- _EXERCISE REQUIREMENTS_: Write out, word for word, every line from the one containing "theory Defs" through the final line of the records.

━━ EXTRACTED MATERIAL

(* Assume $(\boldsymbol\lambda,\boldsymbol\mu)$ satisfies (H) (notation as there), that $(\gamma,\delta)\ne(0,0)$ and that $h\equiv\eta\pmod{nl}$ with $\eta\in\{\gamma,\delta\}$. Let $N$ be the length of the unique good sequence with respect to $(\lambda,\mu)$. Then $$(-1)^{N-1}=(-1)^{\mathrm{ht}(\rho)+\mathrm{ht}(\rho')}\,\varepsilon(\boldsymbol\lambda,\boldsymbol\mu)\,\varepsilon,$$ where $\varepsilon(\boldsymbol\lambda,\boldsymbol\mu)=(-1)^{\kappa(\mathbf d(\mu))+\ell(v(\omega.\boldsymbol\beta(\mu)))+\ell(v(\boldsymbol\beta(\lambda)))}$ and $\varepsilon=1$ if $\delta>0$ and $h\equiv\delta\pmod{nl}$, $\varepsilon=-1$ otherwise.
   Context: Fix $n,l,m\ge1$, $\mathbf s_l=(s_1,\dots,s_l)\in\mathbb Z^l$, $s=\sum s_b$. Partitions are identified with Young diagrams. Ribbon: nonempty connected skew diagram with no $2\times2$ square; head/tail = node with $j-i$ minimal/maximal; $\mathrm{ht}$ = row of head minus row of tail. Each $k\in\mathbb Z$ is uniquely $k=c(k)+n(d(k)-1)+nl\,m(k)$, $c(k)\in\{1..n\}$, $d(k)\in\{1..l\}$; $\phi(k)=c(k)+n\,m(k)$. $\Pi^l_m$ = $l$-tuples of partitions of total size $m$; $\boldsymbol\lambda\leftrightarrow\lambda$ iff $\{(\lambda^{(b)}_i+s_b+1-i,b)\}=\{(\phi(k),d(k)):k\in\{\lambda_i+s+1-i:i\ge1\}\}$; $\boldsymbol\lambda\prec\boldsymbol\mu$ iff $\lambda\lhd\mu$ (strict dominance). For $|\lambda|=r$, $\boldsymbol\beta(\lambda)=(\lambda_i+s+1-i)_{i\le r}$, $B(\lambda)$ its set. Tuples: $\mathbf d(\mathbf k)=(d(k_i))_i$; $\sigma.(k_1,\dots,k_r)=(k_{\sigma^{-1}(1)},\dots)$; $v(\mathbf k)$ is the minimal-length $\sigma\in\mathfrak S_r$ with $\mathbf d(\mathbf k)=\sigma.\mathbf b$, $\mathbf b$ the weakly decreasing rearrangement of $\mathbf d(\mathbf k)$; $\ell$ Coxeter length; $\kappa(\mathbf a)=\#\{i<j:a_i=a_j\}$; $\omega$ longest element; $\mathbf d(\mu)=\mathbf d(\boldsymbol\beta(\mu))$. (J1): $\boldsymbol\lambda\ne\boldsymbol\mu$, there are $d\ne d'$ with $\mu^{(d)}\subset\lambda^{(d)}$, $\lambda^{(d')}\subset\mu^{(d')}$, $\lambda^{(b)}=\mu^{(b)}$ otherwise, $\rho:=\lambda^{(d)}/\mu^{(d)}$, $\rho':=\mu^{(d')}/\lambda^{(d')}$ ribbons of common length. (J2): $\boldsymbol\lambda\ne\boldsymbol\mu$, there is $d$ with $\lambda^{(b)}=\mu^{(b)}$ for $b\ne d$, $\rho:=\lambda^{(d)}/(\lambda^{(d)}\cap\mu^{(d)})$, $\rho':=\mu^{(d)}/(\lambda^{(d)}\cap\mu^{(d)})$ ribbons of common length. (H): $\boldsymbol\lambda\leftrightarrow\lambda$, $\boldsymbol\mu\leftrightarrow\mu$, $\boldsymbol\lambda\prec\boldsymbol\mu$, $|\lambda|=|\mu|=r$, $\#(B(\lambda)\cap B(\mu))=r-2$. Under (H), (J1) or (J2) holds (giving $\rho,\rho'$); $\boldsymbol\beta(\mu)=(\beta_i)$; $\lambda/(\lambda\cap\mu)$ and $\mu/(\lambda\cap\mu)$ are ribbons of common length $h$; $x$ = row of the head of $\lambda/(\lambda\cap\mu)$, $y$ = row of the tail of $\mu/(\lambda\cap\mu)$; $B(\lambda)=(B(\mu)\setminus\{\beta_x,\beta_y\})\cup\{\beta_x+h,\beta_y-h\}$; $\gamma,\delta\in\{0..nl-1\}$ are the residues mod $nl$ of $c(\beta_y)-c(\beta_x)$ and $n(d(\beta_y)-d(\beta_x))$. Wedge space (Uglov): $\mathbb C(q)$-span of $v_{k_1}\wedge v_{k_2}\wedge\cdots$ ($k_i=s+1-i$ for $i\gg0$) with basis the ordered symbols; an adjacent pair $v_{k_1}\wedge v_{k_2}$, $k_1\le k_2$, is straightened by (with $\gamma',\delta'$ the residues mod $nl$ of $c(k_2)-c(k_1)$, $n(d(k_2)-d(k_1))$; sums over $i$ giving ordered two-factor wedges): (R1) $\gamma'=\delta'=0$: $v_{k_1}\wedge v_{k_2}=-v_{k_2}\wedge v_{k_1}$. (R2) $\gamma'>0,\delta'=0$: $=-q^{-1}v_{k_2}\wedge v_{k_1}-(q^{-2}-1)\sum_{i\ge1}q^{-2i+1}v_{k_2-nli}\wedge v_{k_1+nli}+(q^{-2}-1)\sum_{i\ge0}q^{-2i}v_{k_2-\gamma'-nli}\wedge v_{k_1+\gamma'+nli}$. (R3) $\gamma'=0,\delta'>0$: $=-qv_{k_2}\wedge v_{k_1}-(q^2-1)\sum_{i\ge1}q^{2i-1}v_{k_2-nli}\wedge v_{k_1+nli}+(q^2-1)\sum_{i\ge0}q^{2i}v_{k_2-\delta'-nli}\wedge v_{k_1+\delta'+nli}$. (R4) $\gamma',\delta'>0$: $=-v_{k_2}\wedge v_{k_1}-(q-q^{-1})\sum_{i\ge1}\frac{q^{2i}-q^{-2i}}{q+q^{-1}}v_{k_2-nli}\wedge v_{k_1+nli}-(q-q^{-1})\sum_{i\ge0}\frac{q^{2i+1}+q^{-2i-1}}{q+q^{-1}}v_{k_2-\gamma'-nli}\wedge v_{k_1+\gamma'+nli}+(q-q^{-1})\sum_{i\ge0}\frac{q^{2i+1}+q^{-2i-1}}{q+q^{-1}}v_{k_2-\delta'-nli}\wedge v_{k_1+\delta'+nli}+(q-q^{-1})\sum_{i\ge0}\frac{q^{2i+2}-q^{-2i-2}}{q+q^{-1}}v_{k_2-\gamma'-\delta'-nli}\wedge v_{k_1+\gamma'+\delta'+nli}$. Sequences: wedges $v_{\mathbf k}$ with first $r$ indices $\mathbf k$ and fixed tail $s-r,s-r-1,\dots$; $v_\lambda=v_{\boldsymbol\beta(\lambda)}$, $v_{\omega.\mu}=v_{\omega.\boldsymbol\beta(\mu)}$. $v_{\mathbf k}\to v_{\mathbf l}$ if there is $i$ with $k_i\le k_{i+1}$, $k_j>k_{j+1}$ for $j<i$, $k_j=l_j$ for $j\notin\{i,i+1\}$, and $v_{l_i}\wedge v_{l_{i+1}}$ has nonzero coefficient in the straightening of $v_{k_i}\wedge v_{k_{i+1}}$ by the applicable rule; such a step has $m=0$ if $(l_i,l_{i+1})=(k_{i+1},k_i)$, else $m=1$. A good sequence for $(\lambda,\mu)$ is a chain $v_{\omega.\mu}=v_{\mathbf k_0}\to\cdots\to v_{\mathbf k_N}=v_\lambda$ with total $m$ equal to $1$; $N$ is its length. Under the hypotheses such a sequence exists and is unique. *)

theory Defs
  imports Complex_Main "HOL-Combinatorics.Permutations" "HOL-Number_Theory.Cong"
begin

━━━━

- _ANSWER TO THIS TASK_:
theory Defs
  imports Complex_Main "HOL-Combinatorics.Permutations" "HOL-Number_Theory.Cong"
begin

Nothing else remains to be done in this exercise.